§ What this task involves
Print every line of the data word for word.

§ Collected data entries
(* Write \<alpha> = \<chi>[\<sigma>\<^sub>1]...[\<sigma>\<^sub>w] with \<chi> not a closure. Every \<delta> \<in> L(\<alpha>) is t[s\<^sub>1]...[s\<^sub>w] with
   t \<in> L(\<chi>), and t may be replaced by any t' \<in> L(\<chi>) without leaving L(\<alpha>) \<subseteq> L(G\<^sub>n), so it
   suffices that L(\<chi>) contains no closure. This is clear unless \<chi> is a non-terminal. It
   cannot be some G\<^sub>k (verbosity), nor S (substitutions are not terms), nor T: then both
   0[s\<^sub>1]...[s\<^sub>w] and (0 0)[s\<^sub>1]...[s\<^sub>w] would normalise in exactly n steps, although the
   second one needs w + 2n steps, and for w = n = 0 the redex 0[\<up>] would be in L(G\<^sub>0).
   Finally N derives no closure: infinitely many indices lie in L(G\<^sub>0) but the grammar is
   finite, so by simplicity some production G\<^sub>0 \<rightarrow> S\<^sup>j X with X \<in> {T, S, N} is used, and a closure
   derived from X would put a reducible or ill-sorted term S\<^sup>j c into L(G\<^sub>0). *)

fun clo_head :: "'v tm \<Rightarrow> 'v tm" where
  "clo_head (Clo a s) = clo_head a"
| "clo_head t = t"

fun clo_args :: "'v tm \<Rightarrow> 'v tm list" where
  "clo_args (Clo a s) = clo_args a @ [s]"
| "clo_args _ = []"

lemma closures_Nil [simp]: "closures \<chi> [] = \<chi>"
  by (simp add: closures_def)

lemma closures_snoc [simp]: "closures \<chi> (\<sigma>s @ [\<sigma>]) = Clo (closures \<chi> \<sigma>s) \<sigma>"
  by (simp add: closures_def)

lemma closures_Cons: "closures \<chi> (\<sigma> # \<sigma>s) = closures (Clo \<chi> \<sigma>) \<sigma>s"
  by (simp add: closures_def)

lemma closures_clo_head_clo_args: "closures (clo_head t) (clo_args t) = t"
  by (induction t) auto

lemma clo_args_clo_head [simp]: "clo_args (clo_head t) = []"
  by (induction t) auto

lemma clo_args_closures [simp]: "clo_args (closures \<chi> \<sigma>s) = clo_args \<chi> @ \<sigma>s"
  by (induction \<sigma>s rule: rev_induct) auto

lemma closure_width_eq_length_clo_args: "closure_width t = length (clo_args t)"
  unfolding closure_width_def
proof (rule Greatest_equality)
  show "\<exists>\<chi> \<sigma>s. length \<sigma>s = length (clo_args t) \<and> t = closures \<chi> \<sigma>s"
    using closures_clo_head_clo_args by metis
next
  fix w assume "\<exists>\<chi> \<sigma>s. length \<sigma>s = w \<and> t = closures \<chi> \<sigma>s"
  then show "w \<le> length (clo_args t)" by auto
qed

lemma closure_width_closures:
  "closure_width (closures \<chi> \<sigma>s) = closure_width \<chi> + length \<sigma>s"
  by (simp add: closure_width_eq_length_clo_args)
lemma edge_at_vertex:
  assumes "e \<in> edges G" "x \<in> e"
  obtains w where "e = {x, w}"
proof -
  obtain a b where "e = {a, b}" using assms(1) edge_doubleton by metis
  with assms(2) show ?thesis using that by (auto simp: insert_commute)
qed

lemma edge_boundary_oriented:
  assumes "e \<in> edge_boundary G X"
  obtains a b where "e = {a, b}" "{a, b} \<in> edges G" "a \<in> X" "b \<notin> X"
proof -
  have e: "e \<in> edges G" "e \<inter> X \<noteq> {}" "\<not> e \<subseteq> X"
    using assms unfolding edge_boundary_def by auto
  then obtain a b where "e = {a, b}" using edge_doubleton by metis
  show ?thesis
  proof (cases "a \<in> X")
    case True
    with e \<open>e = {a, b}\<close> show ?thesis by (intro that[of a b]) auto
  next
    case False
    with e \<open>e = {a, b}\<close> show ?thesis by (intro that[of b a]) (auto simp: insert_commute)
  qed
qed

lemma edge_boundary_complement: "edge_boundary G (verts G - X) = edge_boundary G X"
  using simple unfolding edge_boundary_def simple_graph_def by blast

lemma finite_edge_boundary: "finite (edge_boundary G X)"
  using finite_edges unfolding edge_boundary_def by simp

lemma finite_neighbours: "finite (neighbours G x)"
proof -
  have "neighbours G x \<subseteq> verts G" unfolding neighbours_def using edge_endpoints by blast
  then show ?thesis using finite_verts finite_subset by blast
qed

lemma card_neighbours_le_degree: "card (neighbours G x) \<le> degree G x"
proof -
  have "inj_on (\<lambda>y. {x, y}) (neighbours G x)"
    unfolding inj_on_def neighbours_def using edge_endpoints by (auto simp: doubleton_eq_iff)
  then have "card (neighbours G x) = card ((\<lambda>y. {x, y}) ` neighbours G x)"
    by (simp add: card_image)
  also have "\<dots> \<le> card {e \<in> edges G. x \<in> e}"
    using finite_edges by (intro card_mono) (auto simp: neighbours_def)
  finally show ?thesis unfolding degree_def .
qed

lemma degree_pos: "{x, y} \<in> edges G \<Longrightarrow> 0 < degree G x"
  unfolding degree_def using finite_edges by (auto simp: card_gt_0_iff)

lemma min_degree_le: "x \<in> verts G \<Longrightarrow> min_degree G \<le> degree G x"
  unfolding min_degree_def using finite_verts by simp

§ Result below
(* Write \<alpha> = \<chi>[\<sigma>\<^sub>1]...[\<sigma>\<^sub>w] with \<chi> not a closure. Every \<delta> \<in> L(\<alpha>) is t[s\<^sub>1]...[s\<^sub>w] with
   t \<in> L(\<chi>), and t may be replaced by any t' \<in> L(\<chi>) without leaving L(\<alpha>) \<subseteq> L(G\<^sub>n), so it
   suffices that L(\<chi>) contains no closure. This is clear unless \<chi> is a non-terminal. It
   cannot be some G\<^sub>k (verbosity), nor S (substitutions are not terms), nor T: then both
   0[s\<^sub>1]...[s\<^sub>w] and (0 0)[s\<^sub>1]...[s\<^sub>w] would normalise in exactly n steps, although the
   second one needs w + 2n steps, and for w = n = 0 the redex 0[\<up>] would be in L(G\<^sub>0).
   Finally N derives no closure: infinitely many indices lie in L(G\<^sub>0) but the grammar is
   finite, so by simplicity some production G\<^sub>0 \<rightarrow> S\<^sup>j X with X \<in> {T, S, N} is used, and a closure
   derived from X would put a reducible or ill-sorted term S\<^sup>j c into L(G\<^sub>0). *)

fun clo_head :: "'v tm \<Rightarrow> 'v tm" where
  "clo_head (Clo a s) = clo_head a"
| "clo_head t = t"

fun clo_args :: "'v tm \<Rightarrow> 'v tm list" where
  "clo_args (Clo a s) = clo_args a @ [s]"
| "clo_args _ = []"

lemma closures_Nil [simp]: "closures \<chi> [] = \<chi>"
  by (simp add: closures_def)

lemma closures_snoc [simp]: "closures \<chi> (\<sigma>s @ [\<sigma>]) = Clo (closures \<chi> \<sigma>s) \<sigma>"
  by (simp add: closures_def)

lemma closures_Cons: "closures \<chi> (\<sigma> # \<sigma>s) = closures (Clo \<chi> \<sigma>) \<sigma>s"
  by (simp add: closures_def)

lemma closures_clo_head_clo_args: "closures (clo_head t) (clo_args t) = t"
  by (induction t) auto

lemma clo_args_clo_head [simp]: "clo_args (clo_head t) = []"
  by (induction t) auto

lemma clo_args_closures [simp]: "clo_args (closures \<chi> \<sigma>s) = clo_args \<chi> @ \<sigma>s"
  by (induction \<sigma>s rule: rev_induct) auto

lemma closure_width_eq_length_clo_args: "closure_width t = length (clo_args t)"
  unfolding closure_width_def
proof (rule Greatest_equality)
  show "\<exists>\<chi> \<sigma>s. length \<sigma>s = length (clo_args t) \<and> t = closures \<chi> \<sigma>s"
    using closures_clo_head_clo_args by metis
next
  fix w assume "\<exists>\<chi> \<sigma>s. length \<sigma>s = w \<and> t = closures \<chi> \<sigma>s"
  then show "w \<le> length (clo_args t)" by auto
qed

lemma closure_width_closures:
  "closure_width (closures \<chi> \<sigma>s) = closure_width \<chi> + length \<sigma>s"
  by (simp add: closure_width_eq_length_clo_args)
lemma edge_at_vertex:
  assumes "e \<in> edges G" "x \<in> e"
  obtains w where "e = {x, w}"
proof -
  obtain a b where "e = {a, b}" using assms(1) edge_doubleton by metis
  with assms(2) show ?thesis using that by (auto simp: insert_commute)
qed

lemma edge_boundary_oriented:
  assumes "e \<in> edge_boundary G X"
  obtains a b where "e = {a, b}" "{a, b} \<in> edges G" "a \<in> X" "b \<notin> X"
proof -
  have e: "e \<in> edges G" "e \<inter> X \<noteq> {}" "\<not> e \<subseteq> X"
    using assms unfolding edge_boundary_def by auto
  then obtain a b where "e = {a, b}" using edge_doubleton by metis
  show ?thesis
  proof (cases "a \<in> X")
    case True
    with e \<open>e = {a, b}\<close> show ?thesis by (intro that[of a b]) auto
  next
    case False
    with e \<open>e = {a, b}\<close> show ?thesis by (intro that[of b a]) (auto simp: insert_commute)
  qed
qed

lemma edge_boundary_complement: "edge_boundary G (verts G - X) = edge_boundary G X"
  using simple unfolding edge_boundary_def simple_graph_def by blast

lemma finite_edge_boundary: "finite (edge_boundary G X)"
  using finite_edges unfolding edge_boundary_def by simp

lemma finite_neighbours: "finite (neighbours G x)"
proof -
  have "neighbours G x \<subseteq> verts G" unfolding neighbours_def using edge_endpoints by blast
  then show ?thesis using finite_verts finite_subset by blast
qed

lemma card_neighbours_le_degree: "card (neighbours G x) \<le> degree G x"
proof -
  have "inj_on (\<lambda>y. {x, y}) (neighbours G x)"
    unfolding inj_on_def neighbours_def using edge_endpoints by (auto simp: doubleton_eq_iff)
  then have "card (neighbours G x) = card ((\<lambda>y. {x, y}) ` neighbours G x)"
    by (simp add: card_image)
  also have "\<dots> \<le> card {e \<in> edges G. x \<in> e}"
    using finite_edges by (intro card_mono) (auto simp: neighbours_def)
  finally show ?thesis unfolding degree_def .
qed

lemma degree_pos: "{x, y} \<in> edges G \<Longrightarrow> 0 < degree G x"
  unfolding degree_def using finite_edges by (auto simp: card_gt_0_iff)

lemma min_degree_le: "x \<in> verts G \<Longrightarrow> min_degree G \<le> degree G x"
  unfolding min_degree_def using finite_verts by simp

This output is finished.